Dr. Harriet Corvol
Aims and objectives of the ECFS Gene Modifier Working Group
Cystic fibrosis (CF) is a single gene disorder but considerable clinical diversity exists among patients with the same CFTR mutations, especially lung disease severity. In France, a national study on CF modifier genes has been underway since 2006 and almost 3,500 French CF patients already participated. Similar independent initiatives have been conducted in several European countries.
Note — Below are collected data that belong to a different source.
lemma coverage_mixture_ge:
  assumes mix: "is_mixture eps F H G" and H: "real_distribution H" and med: "cdf F theta = 1/2"
    and eps: "0 \<le> eps" "eps \<le> 1" and n: "n \<ge> 1" and k: "k + 1 \<le> n - k"
  shows "central_binomial_prob n k ((1 - eps) / 2) \<le> coverage n k theta G"
proof -
  interpret H: real_distribution H by fact
  have "eps * measure H {..theta} \<le> eps"
    using eps by (intro mult_left_le) auto
  then show ?thesis
    unfolding coverage_mixture[OF mix med n k] using eps k
    by (intro central_binomial_prob_le) (auto simp: field_simps)
qed

lemma coverage_mixture_one_sided:
  assumes mix: "is_mixture eps F H G" and H: "real_distribution H" and med: "cdf F theta = 1/2"
    and side: "measure H {..theta} = 1 \<or> measure H {theta<..} = 1"
    and n: "n \<ge> 1" and k: "k + 1 \<le> n - k"
  shows "coverage n k theta G = central_binomial_prob n k ((1 - eps) / 2)"
  using side
proof
  assume "measure H {..theta} = 1"
  then have "coverage n k theta G = central_binomial_prob n k (1 - (1 - eps) / 2)"
    unfolding coverage_mixture[OF mix med n k] by (simp add: field_simps)
  then show ?thesis
    by (simp only: central_binomial_prob_reflect)
next
  interpret H: real_distribution H by fact
  assume "measure H {theta<..} = 1"
  moreover have "{..theta} = space H - {theta<..}"
    by auto
  ultimately have "measure H {..theta} = 0"
    using H.prob_compl[of "{theta<..}"] by simp
  then show ?thesis
    unfolding coverage_mixture[OF mix med n k] by simp
qed

theorem theorem1:
  fixes F :: "real measure" and theta eps :: real and n k :: nat
  assumes F_dist: "real_distribution F"
    and F_cont: "\<And>x. isCont (cdf F) x"
    and med: "cdf F theta = 1/2"
    and med_unique: "\<And>x. cdf F x = 1/2 \<Longrightarrow> x = theta"
    and eps: "0 \<le> eps" "eps < 1/2"
    and n: "n \<ge> 1"
    and k: "k + 1 \<le> n - k"
  shows "(INF G\<in>contam_nbhd eps F. coverage n k theta G) = 1 - alpha_star n k eps \<and>
         (\<forall>H. real_distribution H \<longrightarrow> (measure H {..theta} = 1 \<or> measure H {theta<..} = 1) \<longrightarrow>
           (\<exists>G. is_mixture eps F H G) \<and>
           (\<forall>G. is_mixture eps F H G \<longrightarrow> coverage n k theta G = 1 - alpha_star n k eps))"
proof -
  define q where "q = (1 - eps) / 2"
  have alpha: "1 - alpha_star n k eps = central_binomial_prob n k q"
    unfolding alpha_star_def q_def using eps by (simp add: prob_binomial_pmf_central)
  have one_sided: "(\<exists>G. is_mixture eps F H G) \<and>
      (\<forall>G. is_mixture eps F H G \<longrightarrow> coverage n k theta G = central_binomial_prob n k q)"
    if "real_distribution H" "measure H {..theta} = 1 \<or> measure H {theta<..} = 1" for H
    using mixture_exists[OF F_dist that(1)] coverage_mixture_one_sided[OF _ that(1) med that(2) n k] eps
    by (auto simp: q_def)
  have point_mass: "real_distribution (return borel theta)" "measure (return borel theta) {..theta} = 1"
    by (simp_all add: real_distribution_def real_distribution_axioms_def prob_space_return measure_return)
  then obtain G0 where G0: "is_mixture eps F (return borel theta) G0"
    using one_sided by blast
  have "(INF G\<in>contam_nbhd eps F. coverage n k theta G) = central_binomial_prob n k q"
  proof (rule cInf_eq_minimum)
    show "central_binomial_prob n k q \<in> (\<lambda>G. coverage n k theta G) ` contam_nbhd eps F"
      using G0 point_mass one_sided unfolding contam_nbhd_def by force
    show "central_binomial_prob n k q \<le> c" if "c \<in> (\<lambda>G. coverage n k theta G) ` contam_nbhd eps F" for c
      using that coverage_mixture_ge[OF _ _ med _ _ n k] eps unfolding contam_nbhd_def q_def by auto
  qed
  then show ?thesis
    using one_sided alpha by simp
qed

end
text \<open>Each arc of F is the parent arc own x of its deeper endpoint x.  On a cycle, a vertex of
  maximal depth is entered and left through its parent arc, so the cycle uses that arc twice.\<close>
lemma not_has_cycle_if_parent_arcs:
  fixes d own :: "nat \<Rightarrow> nat"
  assumes parent: "\<forall>a\<in>F. (d (ta a) = Suc (d (he a)) \<and> own (ta a) = a) \<or>
      (d (he a) = Suc (d (ta a)) \<and> own (he a) = a)"
  shows "\<not> has_cycle ta he F"
proof
  assume "has_cycle ta he F"
  then obtain x w where "w \<noteq> []" and walk: "is_walk ta he F x w x" and distinct: "distinct (map fst w)"
    unfolding has_cycle_def by blast
  define vs where "vs = walk_verts ta he x w"
  define m where "m = length w"
  have "m > 0" using \<open>w \<noteq> []\<close> m_def by auto
  have closed: "vs ! m = vs ! 0"
    using walk_verts_nth_length[OF walk] walk_verts_nth_0 unfolding vs_def m_def by simp
  have step: "fst (w ! i) \<in> F \<and> step_start ta he (w ! i) = vs ! i \<and> step_end ta he (w ! i) = vs ! Suc i"
    if "i < m" for i
    using is_walk_nth[OF walk] that unfolding vs_def m_def by simp
  obtain i0 where i0: "i0 < m" and deepest: "\<And>k. k < m \<Longrightarrow> d (vs ! k) \<le> d (vs ! i0)"
  proof -
    let ?D = "(\<lambda>k. d (vs ! k)) ` {..<m}"
    obtain i0 where "i0 < m" "d (vs ! i0) = Max ?D"
      using Max_in[of ?D] \<open>m > 0\<close> by fastforce
    then show thesis using that[of i0] by simp
  qed
  have deepest': "d (vs ! k) \<le> d (vs ! i0)" if "k \<le> m" for k
    using deepest[of k] deepest[of 0] closed \<open>m > 0\<close> that by (cases "k = m") auto
  have own_next: "own (vs ! i0) = fst (w ! i0)"
    using parent_arc_step(1)[OF parent, of "w ! i0"] step[OF i0] deepest'[of "Suc i0"] i0 by simp
  define j where "j = (if i0 = 0 then m - 1 else i0 - 1)"
  have j: "j < m" and "vs ! Suc j = vs ! i0"
    using i0 closed \<open>m > 0\<close> unfolding j_def by auto
  then have own_prev: "own (vs ! i0) = fst (w ! j)"
    using parent_arc_step(2)[OF parent, of "w ! j"] step[OF j] deepest'[of j] by simp
  have "j = i0"
    using own_next own_prev distinct i0 j nth_eq_iff_index_eq unfolding m_def by fastforce
  then have "i0 = 0" "m = 1"
    using i0 \<open>m > 0\<close> unfolding j_def by (auto split: if_splits)
  then have "step_start ta he (w ! i0) = step_end ta he (w ! i0)"
    using step[OF i0] closed by simp
  then show False using parent_arc_step(3)[OF parent] step[OF i0] by blast
qed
As such, combining these studies into a large European Consortium is essential. Our aim is to amalgamate French and EU-wide clinical and DNA data to identify genetic variants involved in CF disease severity. As similar approaches are currently underway in North-America, effective collaborations are in progress with the ultimate goal of creating an International Consortium.
The ECFS working group supports the emerging European Consortium to meet and to gather preliminary data for applying for a substantive European research grant. As introduced, independent initiatives (French, British, Irish, Italian, Belgian and Czech) have been conducted in several European countries, so first steps will be to reassemble all these studies. Then, when research grants will be obtained, the scientific project will be to sequence the genomes of the CF patients included with a several stages project: 1) patients’ recruitment from the CF participating centers in Europe (~9,000 to 10,000 patients); 2) establishment of a collection of well defined clinical data on a longitudinal basis; 3) DNA storage in European biobanks; 4) genetic analyses based on GWAS with the use of linked haplotype and single nucleotide polymorphism markers; 5) further genotype/phenotype association analyses, 6) replication in independent CF cohorts.
The expected outcome of the working group will be to support the emerging “European CF Modifier gene Consortium” to meet and to combine preliminary “local” data. As such, the group would be able to apply for a substantial European research grant for the completion of the scientific project.
The goals of the scientific project will be to identify genetic variants involved in CF disease severity. The information derived from the study might also find hitherto unknown proteins and pathways involved in the disease, and as such identify new targets for the development of new therapies.